## Task brief
The lines needed are those below that contain the word "lemma"; copy each one.
Provided records section start
lemma less_hitting_time_imp_neg:
  assumes "0 \<le> t" "ennreal t < hitting_time Y \<omega>"
  shows "Y t \<omega> < 0"
proof (rule ccontr)
  assume "\<not> Y t \<omega> < 0"
  then have "hitting_time Y \<omega> \<le> ennreal t"
    using assms(1) by (intro hitting_time_le) auto
  with assms(2) show False
    using leD by blast
qed

lemma hitting_time_attained:
  assumes right_cont: "\<And>t. 0 \<le> t \<Longrightarrow> ((\<lambda>s. Y s \<omega>) \<longlongrightarrow> Y t \<omega>) (at_right t)"
    and finite: "hitting_time Y \<omega> < \<infinity>"
  shows "0 \<le> Y (enn2real (hitting_time Y \<omega>)) \<omega>"
proof -
  define r where "r = enn2real (hitting_time Y \<omega>)"
  have r: "hitting_time Y \<omega> = ennreal r" "0 \<le> r"
    using finite by (simp_all add: r_def)
  have "0 \<le> Y r \<omega>"
  proof (rule ccontr)
    assume neg_r: "\<not> 0 \<le> Y r \<omega>"
    then have "\<forall>\<^sub>F s in at_right r. Y s \<omega> < 0"
      using order_tendstoD(2)[OF right_cont[OF r(2)]] by simp
    then obtain c where "r < c" and neg: "\<And>s. r < s \<Longrightarrow> s < c \<Longrightarrow> Y s \<omega> < 0"
      by (auto simp: eventually_at_right_field)
    have "ennreal c \<le> hitting_time Y \<omega>"
      unfolding hitting_time_def
    proof (rule Inf_greatest)
      fix x
      assume "x \<in> ennreal ` {t. 0 \<le> t \<and> 0 \<le> Y t \<omega>}"
      then obtain v where v: "x = ennreal v" "0 \<le> v" "0 \<le> Y v \<omega>"
        by auto
      have "r \<le> v"
        using hitting_time_le[of v Y \<omega>, OF v(2,3)] r v(2) by simp
      with neg_r neg v(3) have "c \<le> v"
        by (metis le_less not_le)
      then show "ennreal c \<le> x"
        using v(1) by (simp add: ennreal_leI)
    qed
    with r \<open>r < c\<close> show False
      by simp
  qed
  then show ?thesis
    by (simp add: r_def)
qed

definition hitting_time_after :: "(real \<Rightarrow> 'a \<Rightarrow> real) \<Rightarrow> real \<Rightarrow> ('a \<Rightarrow> ennreal) \<Rightarrow> 'a \<Rightarrow> ennreal" where
  "hitting_time_after Y c \<rho> \<omega> = Inf (ennreal ` {t. 0 \<le> t \<and> \<rho> \<omega> \<le> ennreal t \<and> c < Y t \<omega>})"

lemma hitting_time_after_ge: "\<rho> \<omega> \<le> hitting_time_after Y c \<rho> \<omega>"
  unfolding hitting_time_after_def by (rule Inf_greatest) auto

lemma hitting_time_after_le_hitting_time:
  assumes right_cont: "\<And>t. 0 \<le> t \<Longrightarrow> ((\<lambda>s. Y s \<omega>) \<longlongrightarrow> Y t \<omega>) (at_right t)"
    and "c < 0" "\<rho> \<omega> \<le> hitting_time Y \<omega>"
  shows "hitting_time_after Y c \<rho> \<omega> \<le> hitting_time Y \<omega>"
proof (cases "hitting_time Y \<omega> = \<infinity>")
  case False
  then have finite: "hitting_time Y \<omega> < \<infinity>"
    by (simp add: less_top)
  define r where "r = enn2real (hitting_time Y \<omega>)"
  have r: "hitting_time Y \<omega> = ennreal r" "0 \<le> r"
    using finite by (simp_all add: r_def)
  have "c < Y r \<omega>"
    using hitting_time_attained[OF right_cont finite] \<open>c < 0\<close> by (simp add: r_def)
  then have "hitting_time_after Y c \<rho> \<omega> \<le> ennreal r"
    unfolding hitting_time_after_def using r assms(3) by (intro Inf_lower imageI) simp
  then show ?thesis
    using r by simp
qed simp

lemma less_hitting_time_after:
  assumes right_cont: "\<And>t. 0 \<le> t \<Longrightarrow> ((\<lambda>s. Y s \<omega>) \<longlongrightarrow> Y t \<omega>) (at_right t)"
    and r: "\<rho> \<omega> = ennreal r" "0 \<le> r" and below: "Y r \<omega> < c"
  shows "\<rho> \<omega> < hitting_time_after Y c \<rho> \<omega>"
proof -
  have "\<forall>\<^sub>F s in at_right r. Y s \<omega> < c"
    using order_tendstoD(2)[OF right_cont[OF r(2)] below] .
  then obtain d where "r < d" and below': "\<And>s. r < s \<Longrightarrow> s < d \<Longrightarrow> Y s \<omega> < c"
    by (auto simp: eventually_at_right_field)
  have "ennreal d \<le> hitting_time_after Y c \<rho> \<omega>"
    unfolding hitting_time_after_def
  proof (rule Inf_greatest)
    fix x
    assume "x \<in> ennreal ` {t. 0 \<le> t \<and> \<rho> \<omega> \<le> ennreal t \<and> c < Y t \<omega>}"
    then obtain v where v: "x = ennreal v" "0 \<le> v" "r \<le> v" "c < Y v \<omega>"
      using r by auto
    with below below' have "d \<le> v"
      by (metis le_less not_le not_less_iff_gr_or_eq)
    then show "ennreal d \<le> x"
      using v(1) by (simp add: ennreal_leI)
  qed
  moreover have "\<rho> \<omega> < ennreal d"
    using r \<open>r < d\<close> by (simp add: ennreal_less_iff)
  ultimately show ?thesis
    by (simp add: less_le_trans)
qed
Provided records section end
## Solution to this task
lemma less_hitting_time_imp_neg:
lemma hitting_time_attained:
lemma hitting_time_after_ge: "\<rho> \<omega> \<le> hitting_time_after Y c \<rho> \<omega>"
lemma hitting_time_after_le_hitting_time:
lemma less_hitting_time_after:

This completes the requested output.